In the 1940s, the paintings underwent restoration that has since discoloured Carpaccio's original vibrant palette to amber tones. Some works have also partially detached from their canvas support and have areas of lifting and flaking paint, as well as scratches and abrasions. In September 2019, an expected two-year conservation campaign began under the sponsorship by the non-profit organization Save Venice Inc.

Description

The work portrays the traditional episode of Saint Jerome appearing to St. Augustine to announce his imminent death and departure to Heaven. Carpaccio portrayed the African saint in his studio, in the moment in which he is distracted from his reading by the voice of Jerome,  coming  as a luminous shape in the window near the desk. The room is  that typical of an acculturated humanist of the painter's age, depicted with his usual attention to details.

The room is roughly rectangular, with a painted ceiling. Augustine sits on a bench over a pad, covered with green cloth and lined with studs; the desk is supported by a candelabrum. Some of the books   show musical lines. Under the window are a file and an hourglass. Other elements depicted include measurement instruments, precious caskets, a bell, a shell, an armillary sphere, vases, bottles and others.

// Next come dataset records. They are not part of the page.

lemma quadratic_upper_bound_on_annulus:
  fixes f :: "'a::euclidean_space \<Rightarrow> real"
  assumes lip: "\<And>x y. f y - f x \<le> L * norm (y - x)"
    and f': "\<And>x. x \<noteq> 0 \<Longrightarrow> (f has_derivative (\<lambda>h. g x \<bullet> h)) (at x)"
    and g': "\<And>x. x \<noteq> 0 \<Longrightarrow> (g has_derivative blinfun_apply (H x)) (at x)"
    and H: "continuous_on (- {0}) H" and r: "0 < r"
  obtains C where "\<And>u v. r \<le> norm u \<Longrightarrow> norm u \<le> R \<Longrightarrow>
      f v \<le> f u + g u \<bullet> (v - u) + C * (norm (v - u))^2"
proof -
  define c where "c = r / 2"
  have c: "0 < c" using r by (simp add: c_def)
  define Q :: "'a set" where "Q = cball 0 (R + c) - ball 0 c"
  have Q: "compact Q" "Q \<subseteq> - {0}"
    using c by (auto simp: Q_def intro!: compact_diff compact_cball)
  have "compact (H ` Q)"
    using Q H by (intro compact_continuous_image) (auto intro: continuous_on_subset)
  then obtain B where B: "\<And>w. w \<in> Q \<Longrightarrow> norm (H w) \<le> B"
    using compact_imp_bounded[of "H ` Q"] unfolding bounded_iff by auto
  have "continuous_on Q g"
    using Q g' by (intro continuous_at_imp_continuous_on ballI has_derivative_continuous) blast
  then have "compact (g ` Q)" using Q by (intro compact_continuous_image)
  then obtain G where G: "\<And>w. w \<in> Q \<Longrightarrow> norm (g w) \<le> G"
    using compact_imp_bounded[of "g ` Q"] unfolding bounded_iff by auto
  define C where "C = max B ((\<bar>L\<bar> + \<bar>G\<bar>) / c)"
  show ?thesis
  proof (rule that[of C])
    fix u v :: 'a assume u: "r \<le> norm u" "norm u \<le> R"
    show "f v \<le> f u + g u \<bullet> (v - u) + C * (norm (v - u))^2"
    proof (cases "norm (v - u) \<le> c")
      case True
      have inQ: "w \<in> Q" "w \<noteq> 0" if "w \<in> cball u c" for w
      proof -
        have "norm (w - u) \<le> c" using that by (simp add: dist_norm norm_minus_commute)
        then show "w \<in> Q"
          using u norm_triangle_ineq2[of w u] norm_triangle_ineq2[of u w]
          by (auto simp: Q_def c_def norm_minus_commute)
        then show "w \<noteq> 0" using Q(2) by auto
      qed
      have "f v - f u - g u \<bullet> (v - u) \<le> B * (norm (v - u))^2"
        using True c f' g' B inQ
        by (intro gradient_lipschitz_quadratic_upper_bound[where S = "cball u c"
              and g'' = "\<lambda>w. blinfun_apply (H w)"])
          (auto intro: has_derivative_at_withinI simp: dist_norm norm_minus_commute norm_blinfun.rep_eq[symmetric])
      moreover have "B * (norm (v - u))^2 \<le> C * (norm (v - u))^2"
        by (intro mult_right_mono) (auto simp: C_def)
      ultimately show ?thesis by simp
    next
      case False
      have "norm (g u) \<le> \<bar>G\<bar>"
        using G[of u] u c by (auto simp: Q_def c_def)
      with False c have "f v \<le> f u + g u \<bullet> (v - u) + (\<bar>L\<bar> + \<bar>G\<bar>) / c * (norm (v - u))^2"
        by (intro lipschitz_quadratic_upper_bound_far lip) auto
      moreover have "(\<bar>L\<bar> + \<bar>G\<bar>) / c * (norm (v - u))^2 \<le> C * (norm (v - u))^2"
        by (intro mult_right_mono) (auto simp: C_def)
      ultimately show ?thesis by simp
    qed
  qed
qed
lemma local_check:
  assumes c: "c \<in> C" and j: "j < m" and t: "t < \<delta> - 1"
  shows "(\<Sum>i\<in>{j*g..<j*g+g}. c i * \<alpha> i ^ t) = 0"
proof -
  define q where "q = j*g + t"
  have "t < g" using t dle by simp
  then have qm: "q mod g = t" "q div g = j" by (auto simp: q_def)
  have blk: "{j*g..<j*g+g} \<subseteq> {0..<n}"
    using block_subset_atLeastLessThan[OF j] by (simp add: n_def)
  with \<open>t < g\<close> have "q \<in> Q" using qm t by (auto simp: Q_def q_def)
  then have "0 = (\<Sum>i\<in>{0..<n}. coef q i * c i)" using c by (simp add: C_def)
  also have "\<dots> = (\<Sum>i\<in>{0..<n}. if i \<in> {j*g..<j*g+g} then c i * \<alpha> i ^ t else 0)"
  proof (intro sum.cong refl)
    fix i
    have "q div g = i div g \<longleftrightarrow> i \<in> {j*g..<j*g+g}"
      using div_eq_iff_in_block[OF gpos, of i j] qm by auto
    then show "coef q i * c i = (if i \<in> {j*g..<j*g+g} then c i * \<alpha> i ^ t else 0)"
      using qm t by (simp add: coef_def mult.commute)
  qed
  also have "\<dots> = (\<Sum>i\<in>{0..<n} \<inter> {j*g..<j*g+g}. c i * \<alpha> i ^ t)"
    by (rule sum.inter_restrict[symmetric]) simp
  also have "{0..<n} \<inter> {j*g..<j*g+g} = {j*g..<j*g+g}" using blk by blast
  finally show ?thesis by simp
qed

lemma global_check:
  assumes c: "c \<in> C" and t: "t < d - 1"
  shows "(\<Sum>i\<in>{0..<n}. c i * \<alpha> i ^ t) = 0"
proof (cases "t < \<delta> - 1")
  case True
  then show ?thesis
    using local_check[OF c] by (simp add: n_def sum_atLeastLessThan_blocks)
next
  case False
  have "t < g" using t dle by (simp add: d_def)
  then have "t \<in> Q" using t g_le_n by (simp add: Q_def)
  then have "(\<Sum>i\<in>{0..<n}. coef t i * c i) = 0" using c by (simp add: C_def)
  moreover have "coef t i = \<alpha> i ^ t" for i using False \<open>t < g\<close> by (simp add: coef_def)
  ultimately show ?thesis by (simp add: mult.commute)
qed

lemma vanishes_by_vandermonde:
  assumes T: "T \<subseteq> {0..<n}" and checks: "\<And>t. t < card T \<Longrightarrow> (\<Sum>i\<in>T. c i * \<alpha> i ^ t) = 0"
  shows "\<forall>i\<in>T. c i = 0"
proof -
  have "finite T" using T finite_subset by blast
  moreover have "inj_on \<alpha> T" using inj_on_subset[OF inj] T by (simp add: n_def)
  ultimately show ?thesis using vandermonde_vanishing_coeff[OF _ _ checks] by blast
qed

In the center is a niche with an altar, where, as shown by the curtain moved aside, are Augustine's liturgic objects: a vest, a mitre, the crosier and a thurible which hangs near two candelabra. At the side of the altars are two twin portals, with fine decorations in Renaissance style. The left one is open, and shows a small room with a window, according to the taste for different lighting sources inspired by Flemish painting: this had become popular in Venice after its use by Antonello da Messina in paintings such as St. Jerome in His Study, which Carpaccio could perhaps observe and study. Here is a further number of details: a table with three couples of crossed legs and covered by a red tablecloth, further books, and, on a shelf running for the room's perimeter, several scientific and astronomical instruments, including Regiomontanus' astrolabe which, at the time, was owned only by John Bessarion, and is likely to have inspired Carpaccio for the saint's representation.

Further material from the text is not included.